Another quick sanity check is to plot all the charts out, one panel per chart group, one color per measure, plotting both genders. This figure is generated with plotly so it’s possible to interact with each panel.

library(plotly)

g <- lmsdata_new %>%
  arrange(age) %>% 
  ggplot(aes(age, M, color = measure, group = gender)) +
  geom_line() +
  facet_wrap(~chart, scales = "free") +
  theme_bw()

ggplotly(g)

Comparison of monthly vs expanded daily parameterization

The expanded parameters really causes a huge increase in size of parameterization – these 18 charts have 27856 rows of data.

The expanded WHO weight-for-age growth standard for males includes 1857 rows of data for ages from 0 - 1856 days (0 - 61 months). In comparison, the 2006 WHO weight-for-age growth standard done monthly from 0 - 24 months has a total of only 25 rows.

Other than the expanded age range, is there much practical difference in the fine vs coarse parameterization?

Let’s compare the male weight-for-age charts. The red points are from the monthly parameterization, with linear interpolation between the 25 points. The blue line is from the daily parameters.

As expected, the differences at the macro level are negligible.

But zooming in to the first 6 months, where the curvature is greatest, you can detect a little bit of divergence between the daily (blue) and interpolated monthly (red) data.

And if you zoom in REALLY far to just the first 7 days after birth, you can see that the WHO expanded weight-for-age actually has the median weight decrease of 29 grams from 3346.4* grams at birth to 3317.4 grams at age 1 day before starting to come up, reflecting the normal postnatal weight loss.

(*I include the full precision of the data in the expanded tables intentionally.

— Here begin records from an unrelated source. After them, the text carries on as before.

lemma conv_quotient_prime_power_sum_le_Dhat_term:
  assumes "length fs = d" "\<forall>a\<in>set fs. completely_multiplicative a \<and> (\<forall>n>0. cmod (a n) \<le> 1)"
    and "\<forall>n>0. f n = conv_list fs n"
    and "length gs = d" "\<forall>a\<in>set gs. completely_multiplicative a \<and> (\<forall>n>0. cmod (a n) \<le> 1)"
    and "\<forall>n>0. g n = conv_list gs n"
    and "prime p" "\<beta> > 0"
  shows "(\<Sum>e=1..M. cmod (conv_quotient fs gs (p ^ e)) * (real p powr -\<beta>) ^ e)
    \<le> (1 / (1 - 2 powr -\<beta>)) ^ d * 4 ^ d * Dhat_term \<beta> d f g p"
proof -
  define r where "r = real p powr -\<beta>"
  have "r \<ge> 0" by (simp add: r_def)
  have "r \<le> 2 powr -\<beta>"
    unfolding r_def using prime_ge_2_nat[OF assms(7)] assms(8) by (intro powr_mono2') auto
  moreover have "2 powr -\<beta> < 1"
    using assms(8) by (simp add: powr_minus_divide)
  ultimately have "r < 1" by simp
  have "(\<Sum>e=1..M. cmod (conv_quotient fs gs (p ^ e)) * r ^ e)
      \<le> (1 / (1 - r)) ^ d * 4 ^ d *
         (\<Sum>k=1..d. cmod (conv_list gs (p ^ k) - conv_list fs (p ^ k)) * r ^ k)"
    using assms \<open>r \<ge> 0\<close> \<open>r < 1\<close> prime_gt_0_nat[OF assms(7)]
    by (intro conv_quotient_prime_power_sum_le) auto
  also have "(\<Sum>k=1..d. cmod (conv_list gs (p ^ k) - conv_list fs (p ^ k)) * r ^ k) =
      Dhat_term \<beta> d f g p"
    unfolding Dhat_term_def
  proof (intro sum.cong refl)
    fix k
    have "r ^ k = real p powr (real k * -\<beta>)"
      using prime_gt_0_nat[OF assms(7)] by (simp add: r_def powr_power)
    also have "\<dots> = 1 / real p powr (real k * \<beta>)"
      by (subst powr_minus_divide[symmetric]) simp
    finally have "r ^ k = 1 / real p powr (real k * \<beta>)" .
    then show "cmod (conv_list gs (p ^ k) - conv_list fs (p ^ k)) * r ^ k =
        cmod (f (p ^ k) - g (p ^ k)) / real p powr (real k * \<beta>)"
      using assms(3,6) prime_gt_0_nat[OF assms(7)] by (simp add: norm_minus_commute)
  qed
  also have "(1 / (1 - r)) ^ d * 4 ^ d * Dhat_term \<beta> d f g p
      \<le> (1 / (1 - 2 powr -\<beta>)) ^ d * 4 ^ d * Dhat_term \<beta> d f g p"
    using \<open>r \<le> 2 powr -\<beta>\<close> \<open>r < 1\<close> \<open>2 powr -\<beta> < 1\<close>
    by (intro mult_right_mono Dhat_term_nonneg power_mono divide_left_mono) auto
  finally show ?thesis unfolding r_def .
qed

theorem theorem4:
  fixes d :: nat and f g :: "nat \<Rightarrow> complex" and \<alpha> \<beta> :: real
  assumes "d \<ge> 1"
    and "f \<in> S_deg d" and "g \<in> S_deg d"
    and "\<beta> > 0"
    and "Dhat_term \<beta> d f g summable_on {p::nat. prime p}"
    and "(\<lambda>x. cmod (summatory f x)) \<in> O[at_top](\<lambda>x. x powr \<alpha>)"
  shows "(\<lambda>x. cmod (summatory g x)) \<in> O[at_top](\<lambda>x. x powr (max \<alpha> \<beta>))"
proof -
  obtain fs where fs: "length fs = d" "\<forall>a\<in>set fs. completely_multiplicative a \<and> (\<forall>n>0. cmod (a n) \<le> 1)"
      "\<forall>n>0. f n = conv_list fs n"
    using assms(2) unfolding S_deg_def by blast
  obtain gs where gs: "length gs = d" "\<forall>a\<in>set gs. completely_multiplicative a \<and> (\<forall>n>0. cmod (a n) \<le> 1)"
      "\<forall>n>0. g n = conv_list gs n"
    using assms(3) unfolding S_deg_def by blast
  define h where "h = conv_quotient fs gs"
  define K where "K = (1 / (1 - 2 powr -\<beta>)) ^ d * (4 :: real) ^ d"
  have "2 powr -\<beta> < 1" using assms(4) by (simp add: powr_minus_divide)
  then have "K \<ge> 0" unfolding K_def by (intro mult_nonneg_nonneg zero_le_power) auto
  have bounded: "(\<Sum>k=1..N. cmod (h k) * real k powr -\<beta>) \<le> exp (K * infsum (Dhat_term \<beta> d f g) {p. prime p})"
    for N
  proof -
    have "(\<Sum>k=1..N. cmod (h k) * real k powr -\<beta>) \<le> exp (\<Sum>p | prime p \<and> p \<le> N. K * Dhat_term \<beta> d f g p)"
      unfolding h_def K_def
      by (rule multiplicative_weighted_sum_le_exp[OF multiplicative_conv_quotient
          conv_quotient_prime_power_sum_le_Dhat_term[OF fs gs _ assms(4)]])
    also have "\<dots> \<le> exp (K * infsum (Dhat_term \<beta> d f g) {p. prime p})"
      unfolding sum_distrib_left[symmetric] using \<open>K \<ge> 0\<close> assms(5)
      by (intro exp_mono mult_left_mono finite_sum_le_infsum Dhat_term_nonneg) auto
    finally show ?thesis .
  qed
  have "g n = dirichlet_conv h f n" if "n > 0" for n
  proof -
    have "g n = dirichlet_conv h (conv_list fs) n"
      using that fs(2) gs(2,3) conv_list_eq_dirichlet_conv_quotient[of fs gs n]
      unfolding h_def by simp
    also have "\<dots> = dirichlet_conv h f n"
      using fs(3) that by (intro dirichlet_conv_cong_right) auto
    finally show ?thesis .
  qed
  then have "summatory g = summatory (dirichlet_conv h f)"
    by (intro ext summatory_cong)
  then show ?thesis
    using summatory_dirichlet_conv_bigo[OF assms(6) bounded] by simp
qed

end
(* Let $R$ be a commutative Noetherian ring of finite Krull dimension $d$ such that $R/\mathfrak{m}$ is infinite for every maximal ideal $\mathfrak{m}$ of $R$. Let $R[x_1,\ldots,x_n]$ be a polynomial ring over $R$ and $J \subseteq R[x_1,\ldots,x_n]$ an ideal with $\mathrm{height}(J) \geq d+1$. Then for every integer $0 \leq \ell \leq n$ there exist $r_1,\ldots,r_\ell \in R$ such that either $J + (x_1 - r_1, \ldots, x_\ell - r_\ell) = R[x_1,\ldots,x_n]$, or $\mathrm{height}(J + (x_1 - r_1,\ldots,x_\ell - r_\ell)) \geq d + \ell + 1$ (for $\ell = 0$ the ideal is understood to be $J$). *)

theory Defs
  imports Main "HOL-Library.Poly_Mapping" "HOL-Library.Extended_Nat"
begin

definition ideal_of :: "'b::comm_ring_1 set \<Rightarrow> 'b set \<Rightarrow> bool" where
  "ideal_of S I \<longleftrightarrow> I \<subseteq> S \<and> 0 \<in> I \<and> (\<forall>a\<in>I. \<forall>b\<in>I. a + b \<in> I) \<and> (\<forall>a\<in>I. - a \<in> I)
     \<and> (\<forall>s\<in>S. \<forall>a\<in>I. s * a \<in> I)"

definition prime_ideal_of :: "'b::comm_ring_1 set \<Rightarrow> 'b set \<Rightarrow> bool" where
  "prime_ideal_of S P \<longleftrightarrow> ideal_of S P \<and> P \<noteq> S \<and> (\<forall>a\<in>S. \<forall>b\<in>S. a * b \<in> P \<longrightarrow> a \<in> P \<or> b \<in> P)"

definition maximal_ideal_of :: "'b::comm_ring_1 set \<Rightarrow> 'b set \<Rightarrow> bool" where
  "maximal_ideal_of S M \<longleftrightarrow> ideal_of S M \<and> M \<noteq> S \<and> (\<forall>I. ideal_of S I \<and> M \<subseteq> I \<longrightarrow> I = M \<or> I = S)"

definition ideal_gen :: "'b::comm_ring_1 set \<Rightarrow> 'b set \<Rightarrow> 'b set" where
  "ideal_gen S X = \<Inter>{I. ideal_of S I \<and> X \<subseteq> I}"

While great for producing high quality graphics, this is an example of how silly it is to use high precision numbers in actual practice.)

Why you might NOT want to use the expanded tables

For background, first off, the WHO charts are meant for “term” babies. I’ve always found this problematic. If you define “term” as between 37 0/7 (beyond late preterm) and 41 6/7 weeks (before post-dates), there’s a pretty huge expected difference in size (and clinical risks).

Setting aside the problem of lumping all “term” babies together, some have suggested that the WHO charts can be used for former preterm babies by “correcting” to age relative to their due date.

But if you use the WHO expanded weight-for-age charts with age correction, these former preterm babies would be supposed to spontaneously have a median 29 gram weight loss the day after their due date, which is just silly.

Conclusion

The WHO Growth Standard expanded parameter tables are really nice to provide very smooth, high-resolution plots, but there isn’t really a strong indication to prefer them over the coarser parameterizations.

That being said, I’ve made calculations available via the WHO expanded parameters on my PediTools Universal: Bulk Calculator Shiny app, because… why not?